(* Let $\mathfrak g$ be of type $G_2$ and $\lambda,\mu\in P^+$ with $n_2=\mu(h_2)=0$. Then there exists a bijection $\mathcal S^{G}_{\lambda,\mu}\to\mathcal T^{G}_{\lambda,\mu}$.
   Context: $\alpha_1$ is the short simple root; $m_i=\lambda(h_i)$, $n_1=\mu(h_1)$ are non-negative integers, $n_2=0$. $\mathcal S^{G}_{\lambda,\mu}=\{(a,b,c,d,e,f)\in\mathbb Z_+^6: a\le\min\{m_1,n_1\},\ b\le m_2+n_2,\ f\le\min\{m_2,n_2\},\ b+e-a\le m_2+n_2,\ a+c+d\le\min\{m_1+m_2,n_1+n_2\},\ a+b+c\le\min\{m_1+m_2,n_1+n_2\},\ a+b+c+d\le\min\{m_1+2m_2,n_1+2n_2\},\ b+c+d+e\le\min\{m_1+2m_2,n_1+2n_2\},\ 2(a+c)+3d-b\le m_1+n_1,\ 2(a+c)+b+d\le m_1+n_1\}$. $\mathcal T^{G}_{\lambda,\mu}=\{(a,b,c,d,e,f)\in\mathbb Z_+^6: a+b+c+d+e+f\le n_1,\ c\le1,\ b+e-d\le m_2,\ f\le m_1,\ e\le m_2,\ a-2b+2d-e+f\le m_1,\ c+f+2d-e\le m_1\}$. *)

theory Defs
  imports Main
begin

text \<open>Tuples (a,b,c,d,e,f) of non-negative integers. Parameters:
  m1 = lambda(h_1), m2 = lambda(h_2), n1 = mu(h_1), n2 = mu(h_2).\<close>

definition S_G :: "nat \<Rightarrow> nat \<Rightarrow> nat \<Rightarrow> nat \<Rightarrow> (int \<times> int \<times> int \<times> int \<times> int \<times> int) set" where
  "S_G m1 m2 n1 n2 = {(a,b,c,d,e,f).
     0 \<le> a \<and> 0 \<le> b \<and> 0 \<le> c \<and> 0 \<le> d \<and> 0 \<le> e \<and> 0 \<le> f \<and>
     a \<le> min (int m1) (int n1) \<and>
     b \<le> int m2 + int n2 \<and>
     f \<le> min (int m2) (int n2) \<and>
     b + e - a \<le> int m2 + int n2 \<and>
     a + c + d \<le> min (int m1 + int m2) (int n1 + int n2) \<and>
     a + b + c \<le> min (int m1 + int m2) (int n1 + int n2) \<and>
     a + b + c + d \<le> min (int m1 + 2 * int m2) (int n1 + 2 * int n2) \<and>
     b + c + d + e \<le> min (int m1 + 2 * int m2) (int n1 + 2 * int n2) \<and>
     2 * (a + c) + 3 * d - b \<le> int m1 + int n1 \<and>
     2 * (a + c) + b + d \<le> int m1 + int n1}"

definition T_G :: "nat \<Rightarrow> nat \<Rightarrow> nat \<Rightarrow> (int \<times> int \<times> int \<times> int \<times> int \<times> int) set" where
  "T_G m1 m2 n1 = {(a,b,c,d,e,f).
     0 \<le> a \<and> 0 \<le> b \<and> 0 \<le> c \<and> 0 \<le> d \<and> 0 \<le> e \<and> 0 \<le> f \<and>
     a + b + c + d + e + f \<le> int n1 \<and>
     c \<le> 1 \<and>
     b + e - d \<le> int m2 \<and>
     f \<le> int m1 \<and>
     e \<le> int m2 \<and>
     a - 2 * b + 2 * d - e + f \<le> int m1 \<and>
     c + f + 2 * d - e \<le> int m1}"

end

theory Submission
  imports Defs
begin

text \<open>
  Put \<open>p = min a e\<close>, \<open>k = min b d\<close>, and let \<open>t = max 0 (c + 2(d - k) - (m1 + e - a - p))\<close>
  be the amount by which \<open>c + 2(d - k)\<close> overflows \<open>m1 + e - a - p\<close>. Writing \<open>c - t = 2h + r\<close>
  with \<open>r \<in> {0,1}\<close> (so \<open>h\<close> is negative when \<open>t > c\<close>), the bijection sends \<open>(a,b,c,d,e,0)\<close> to
  \<open>(a - p + k + t, b - k + t + h, r, d - k + h, e - p + k, p)\<close>.
  The overflow can be read off the image as \<open>max 0 (A + F + C + 2D - m1 - E)\<close>, and then \<open>p = F\<close>
  and \<open>k = min (A - t) E\<close>, so the inverse is again an explicit formula and the two maps are
  mutually inverse for purely algebraic reasons.
\<close>

definition S_to_T :: "int \<Rightarrow> int \<times> int \<times> int \<times> int \<times> int \<times> int \<Rightarrow> int \<times> int \<times> int \<times> int \<times> int \<times> int" where
  "S_to_T m = (\<lambda>(a,b,c,d,e,f).
     let p = min a e; k = min b d; t = max 0 (c + 2 * (d - k) - (m + e - a - p))
     in (a - p + k + t, b - k + t + (c - t) div 2, (c - t) mod 2, d - k + (c - t) div 2, e - p + k, p))"

definition T_to_S :: "int \<Rightarrow> int \<times> int \<times> int \<times> int \<times> int \<times> int \<Rightarrow> int \<times> int \<times> int \<times> int \<times> int \<times> int" where
  "T_to_S m = (\<lambda>(A,B,C,D,E,F).
     let t = max 0 (A + F + C + 2 * D - m - E); k = min (A - t) E
     in (A - t - k + F, max (B - D - t) 0 + k, C + 2 * min D (B - t) + t, max (D + t - B) 0 + k, E - k + F, 0))"

lemma T_to_S_S_to_T: "T_to_S m (S_to_T m (a,b,c,d,e,0)) = (a,b,c,d,e,0)"
proof -
  define p where "p = min a e"
  define k where "k = min b d"
  define t where "t = max 0 (c + 2 * (d - k) - (m + e - a - p))"
  define h where "h = (c - t) div 2"
  define r where "r = (c - t) mod 2"
  have c: "c = 2 * h + r + t"
    unfolding h_def r_def by simp
  have image: "S_to_T m (a,b,c,d,e,0) = (a - p + k + t, b - k + t + h, r, d - k + h, e - p + k, p)"
    by (simp add: S_to_T_def Let_def p_def k_def t_def h_def r_def)
  have "a - p + k + t + p + r + 2 * (d - k + h) - m - (e - p + k) = c + 2 * (d - k) - (m + e - a - p)"
    unfolding c by (simp add: algebra_simps)
  then have t: "max 0 (a - p + k + t + p + r + 2 * (d - k + h) - m - (e - p + k)) = t"
    by (simp only: t_def)
  have k: "min (a - p + k + t - t) (e - p + k) = k"
    by (simp add: p_def min_def)
  show ?thesis
    unfolding image T_to_S_def Let_def prod.case t k
    using c by (auto simp: p_def k_def min_def max_def)
qed

lemma S_to_T_T_to_S:
  assumes "0 \<le> C" "C \<le> 1"
  shows "S_to_T m (T_to_S m (A,B,C,D,E,F)) = (A,B,C,D,E,F)"
proof -
  define t where "t = max 0 (A + F + C + 2 * D - m - E)"
  define k where "k = min (A - t) E"
  define \<delta> where "\<delta> = max (D + t - B) 0"
  have image: "T_to_S m (A,B,C,D,E,F) = (A - t - k + F, max (B - D - t) 0 + k, C + 2 * (D - \<delta>) + t, \<delta> + k, E - k + F, 0)"
    by (simp add: T_to_S_def Let_def t_def k_def \<delta>_def min_def max_def)
  have p: "min (A - t - k + F) (E - k + F) = F"
    by (simp add: k_def min_def)
  have k: "min (max (B - D - t) 0 + k) (\<delta> + k) = k"
    by (simp add: \<delta>_def min_def max_def)
  have t: "max 0 (C + 2 * (D - \<delta>) + t + 2 * (\<delta> + k - k) - (m + (E - k + F) - (A - t - k + F) - F)) = t"
    unfolding t_def by (simp add: algebra_simps)
  have "(C + 2 * (D - \<delta>) + t - t) div 2 = D - \<delta>" "(C + 2 * (D - \<delta>) + t - t) mod 2 = C"
    using assms by presburger+
  then show ?thesis
    unfolding image S_to_T_def Let_def prod.case p k t
    by (simp add: \<delta>_def max_def)
qed

lemma mem_S_G_zero_iff:
  "(a,b,c,d,e,f) \<in> S_G m1 m2 n1 0 \<longleftrightarrow>
     0 \<le> a \<and> 0 \<le> b \<and> 0 \<le> c \<and> 0 \<le> d \<and> 0 \<le> e \<and> f = 0 \<and>
     a \<le> int m1 \<and> a \<le> int n1 \<and> b \<le> int m2 \<and> b + e - a \<le> int m2 \<and>
     a + c + d \<le> int m1 + int m2 \<and> a + c + d \<le> int n1 \<and>
     a + b + c \<le> int m1 + int m2 \<and> a + b + c \<le> int n1 \<and>
     a + b + c + d \<le> int m1 + 2 * int m2 \<and> a + b + c + d \<le> int n1 \<and>
     b + c + d + e \<le> int m1 + 2 * int m2 \<and> b + c + d + e \<le> int n1 \<and>
     2 * (a + c) + 3 * d - b \<le> int m1 + int n1 \<and> 2 * (a + c) + b + d \<le> int m1 + int n1"
  by (auto simp: S_G_def)

lemma S_to_T_in_T:
  assumes "(a,b,c,d,e,f) \<in> S_G m1 m2 n1 0"
  shows "S_to_T (int m1) (a,b,c,d,e,f) \<in> T_G m1 m2 n1"
proof -
  note S = assms[unfolded mem_S_G_zero_iff]
  define p where "p = min a e"
  define k where "k = min b d"
  define t where "t = max 0 (c + 2 * (d - k) - (int m1 + e - a - p))"
  define h where "h = (c - t) div 2"
  define r where "r = (c - t) mod 2"
  have c: "c - t = 2 * h + r" "0 \<le> r" "r \<le> 1"
    unfolding h_def r_def by auto
  have image: "S_to_T (int m1) (a,b,c,d,e,f) = (a - p + k + t, b - k + t + h, r, d - k + h, e - p + k, p)"
    by (simp add: S_to_T_def Let_def p_def k_def t_def h_def r_def)
  have p: "p \<le> a" "p \<le> e" "p = a \<or> p = e"
    unfolding p_def by auto
  have k: "k \<le> b" "k \<le> d" "k = b \<or> k = d"
    unfolding k_def by auto
  have t: "0 \<le> t" "c + 2 * (d - k) - (int m1 + e - a - p) \<le> t"
    "t = 0 \<or> t = c + 2 * (d - k) - (int m1 + e - a - p)"
    unfolding t_def by auto
  show ?thesis
    unfolding image T_G_def mem_Collect_eq prod.case
    using S c p k t by smt
qed

lemma T_to_S_in_S:
  assumes "(A,B,C,D,E,F) \<in> T_G m1 m2 n1"
  shows "T_to_S (int m1) (A,B,C,D,E,F) \<in> S_G m1 m2 n1 0"
proof -
  note T = assms[unfolded T_G_def mem_Collect_eq prod.case]
  define t where "t = max 0 (A + F + C + 2 * D - int m1 - E)"
  define k where "k = min (A - t) E"
  define \<beta> where "\<beta> = max (B - D - t) 0"
  define \<delta> where "\<delta> = max (D + t - B) 0"
  have image: "T_to_S (int m1) (A,B,C,D,E,F) = (A - t - k + F, \<beta> + k, C + 2 * (D - \<delta>) + t, \<delta> + k, E - k + F, 0)"
    by (simp add: T_to_S_def Let_def t_def k_def \<beta>_def \<delta>_def min_def max_def)
  have t: "0 \<le> t" "A + F + C + 2 * D - int m1 - E \<le> t" "t = 0 \<or> t = A + F + C + 2 * D - int m1 - E"
    unfolding t_def by auto
  have k: "k \<le> A - t" "k \<le> E" "k = A - t \<or> k = E"
    unfolding k_def by auto
  have \<beta>\<delta>: "0 \<le> \<beta>" "0 \<le> \<delta>" "\<beta> - \<delta> = B - D - t" "\<beta> = 0 \<or> \<delta> = 0"
    unfolding \<beta>_def \<delta>_def by auto
  show ?thesis
    unfolding image mem_S_G_zero_iff
    using T t k \<beta>\<delta> by smt
qed

theorem lemma6p6:
  fixes m1 m2 n1 n2 :: nat
  assumes "n2 = 0"
  shows "\<exists>g. bij_betw g (S_G m1 m2 n1 n2) (T_G m1 m2 n1)"
proof -
  have "bij_betw (S_to_T (int m1)) (S_G m1 m2 n1 0) (T_G m1 m2 n1)"
  proof (rule bij_betw_byWitness[where f' = "T_to_S (int m1)"])
    show "\<forall>x\<in>S_G m1 m2 n1 0. T_to_S (int m1) (S_to_T (int m1) x) = x"
      by (clarsimp simp: split_paired_all mem_S_G_zero_iff T_to_S_S_to_T)
    show "\<forall>y\<in>T_G m1 m2 n1. S_to_T (int m1) (T_to_S (int m1) y) = y"
      by (clarsimp simp: split_paired_all T_G_def S_to_T_T_to_S)
    show "S_to_T (int m1) ` S_G m1 m2 n1 0 \<subseteq> T_G m1 m2 n1"
      by (clarsimp simp: split_paired_all S_to_T_in_T)
    show "T_to_S (int m1) ` T_G m1 m2 n1 \<subseteq> S_G m1 m2 n1 0"
      by (clarsimp simp: split_paired_all T_to_S_in_S)
  qed
  with assms show ?thesis
    by blast
qed

end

===============

Work required: The output should be exactly the lines above from the line containing "0 \<or> \<delta>" to the line containing "fixes m1 m2 n1 n2 :: nat", inclusive, with no other lines.

Solution to the problem:
  have \<beta>\<delta>: "0 \<le> \<beta>" "0 \<le> \<delta>" "\<beta> - \<delta> = B - D - t" "\<beta> = 0 \<or> \<delta> = 0"
    unfolding \<beta>_def \<delta>_def by auto
  show ?thesis
    unfolding image mem_S_G_zero_iff
    using T t k \<beta>\<delta> by smt
qed

theorem lemma6p6:
  fixes m1 m2 n1 n2 :: nat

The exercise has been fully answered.